Russian-made tanks are transported towards the Giulian Harbour in Benghazi on August 25, 2011, during Libya's Arab Spring. Libya has become a major transit hub for terrorists, an African Union leader warned on Tuesday on the sidelines of a regional security meeting in neighbouring Algeria. (AFP/File)

Libya has become a major transit hub for terrorists, an African Union leader warned on Tuesday on the sidelines of a regional security meeting in neighbouring Algeria.

"I have many reports which say Libya has become a major transit hub for the main terrorist groups travelling from one country to another," said Francisco Caetano Jose Madeira, the AU's special representative in charge of counter-terrorism.

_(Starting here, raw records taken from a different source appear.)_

(* Let $m\in\mathbb N$, $m\ge1$, and let $x_0,x_1\in\mathbb C_p$ with $|x_0|=|x_1|=\rho_m$ and $|x_0-x_1|\le S$. If $\lambda_0,\lambda_1\in\Lambda$ satisfy $$\rho_{m-1}\cdots\rho_1\,|x_0-x_1|<|\lambda_0-\lambda_1|\le S,$$ then $|Q^m_{\lambda_0}(x_0)-Q^m_{\lambda_1}(x_1)|=|\lambda_0-\lambda_1|$.
   Context: Let $p$ be a prime, $\mathbb C_p$ with $p$-adic absolute value, $|p|=1/p$. $\Lambda=\{\lambda\in\mathbb C_p:|\lambda-1|<1\}$, $P_\lambda(z)=\frac{\lambda}{p}z^p+\left(1-\frac{\lambda}{p}\right)z^{p+1}$, $\rho=p^{-1/(p-1)}$; $S>0$ is defined by $pS^{p-1}=\rho$; $\rho_0=1$ and $p\rho_n^p=\rho_{n-1}$ for $n\ge1$ (empty products equal $1$). Fix $\hat r\in|\mathbb C_p^*|$, $\hat r>1$, $B=\{z:|z|\le\hat r\}$; $\mathcal H(B)$ is the ring of power series $\sum a_iz^i$ convergent on $B$ with norm $\|f\|_B=\sup_i|a_i|\hat r^{\,i}$. Fix $Q\in\mathcal H(B)$ with $\|Q\|_B<\rho$, $Q^*_\lambda=P_\lambda+Q$, and let $h(\lambda)$ be the unique fixed point of $Q^*_\lambda$ in $\{z:|z-1|\le|Q(1)|/p\}$. Define $Q_\lambda(z)=P_\lambda(z+h(\lambda)-1)+Q(z+h(\lambda)-1)+1-h(\lambda)$ for $z\in B$. *)

theory Defs
  imports "HOL-Analysis.Analysis" "HOL-Computational_Algebra.Polynomial"
begin

text \<open>A model of the field C_p: a field with a non-archimedean absolute value av,
  normalised by av p = 1/p, complete, algebraically closed, in which the algebraic
  numbers are dense. Such a field is isometrically isomorphic to C_p.\<close>

definition is_Cp :: "nat \<Rightarrow> ('a::field \<Rightarrow> real) \<Rightarrow> bool" where
  "is_Cp p av \<longleftrightarrow>
     (\<forall>x. 0 \<le> av x) \<and> (\<forall>x. av x = 0 \<longleftrightarrow> x = 0) \<and>
     (\<forall>x y. av (x * y) = av x * av y) \<and>
     (\<forall>x y. av (x + y) \<le> max (av x) (av y)) \<and>
     av (of_nat p) = 1 / real p \<and>
     (\<forall>X :: nat \<Rightarrow> 'a. (\<forall>e>0. \<exists>N. \<forall>m\<ge>N. \<forall>n\<ge>N. av (X m - X n) < e)
          \<longrightarrow> (\<exists>L. (\<lambda>n. av (X n - L)) \<longlonglongrightarrow> 0)) \<and>
     (\<forall>q :: 'a poly. degree q > 0 \<longrightarrow> (\<exists>z. poly q z = 0)) \<and>
     (\<forall>x. \<forall>e>0. \<exists>y. av (x - y) < e \<and>
          (\<exists>q :: int poly. q \<noteq> 0 \<and> poly (map_poly of_int q) y = 0))"

definition ps_eval :: "('a::field \<Rightarrow> real) \<Rightarrow> (nat \<Rightarrow> 'a) \<Rightarrow> 'a \<Rightarrow> 'a" where
  "ps_eval av a z = (THE s. (\<lambda>n. av ((\<Sum>i<n. a i * z ^ i) - s)) \<longlonglongrightarrow> 0)"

"We have information according to which some terrorists active in Mali consider Libya as a refuge and a place to reorganise," Madeira told journalists, describing that as something "extremely dangerous."

The vulnerable security situation in Libya and the porousness of its vast desert borders nearly three years after the conflict that toppled veteran dictator Moamer Kadhafi, was a key concern at the two-day meeting in Algeria's second city of Oran.

"The question of Libya is on everyone's mind," the European Union's representative for the Sahel region, Michel Reveyrand de Menthon said.

He described Libya as "one of the keys" to stabilising the Sahel, a huge swathe of land south of the Sahara that extends the breadth of Africa from the Atlantic to the Indian Oceans.

The EU has offered to cooperate with Libya on tightening border security but Western sources say the lack of organisation in the country since Kadhafi's overthrow currently makes such a project "very difficult."

The European bloc sees development of the region as one solution to fighting the problem of porous borders, but more immediate problems remain.

"Very few Sahel countries have the means to really protect their borders," the AU's Madeira said.

In Mali, the security situation remains highly uncertain, despite the UN Security Council agreeing on Tuesday to a peacekeeping force and a recent agreement allowing for the army to move into key areas of the north so that presidential elections can be held in July.

Speaking at the start of the Oran meeting on Monday, Algerian presidential adviser for security Mohamed Kamel Rezag Barra called on the international community to give its "full support" to the UN mission in Mali, which shares a long border with Algeria.

There is little information on the fate of Islamist militants who took over the north of Mali last year before being driven out in a French-led military intervention launched in January.

"It's hard to know exactly what is going on. The threat is always there but it is difficult to identify," said one Western diplomat.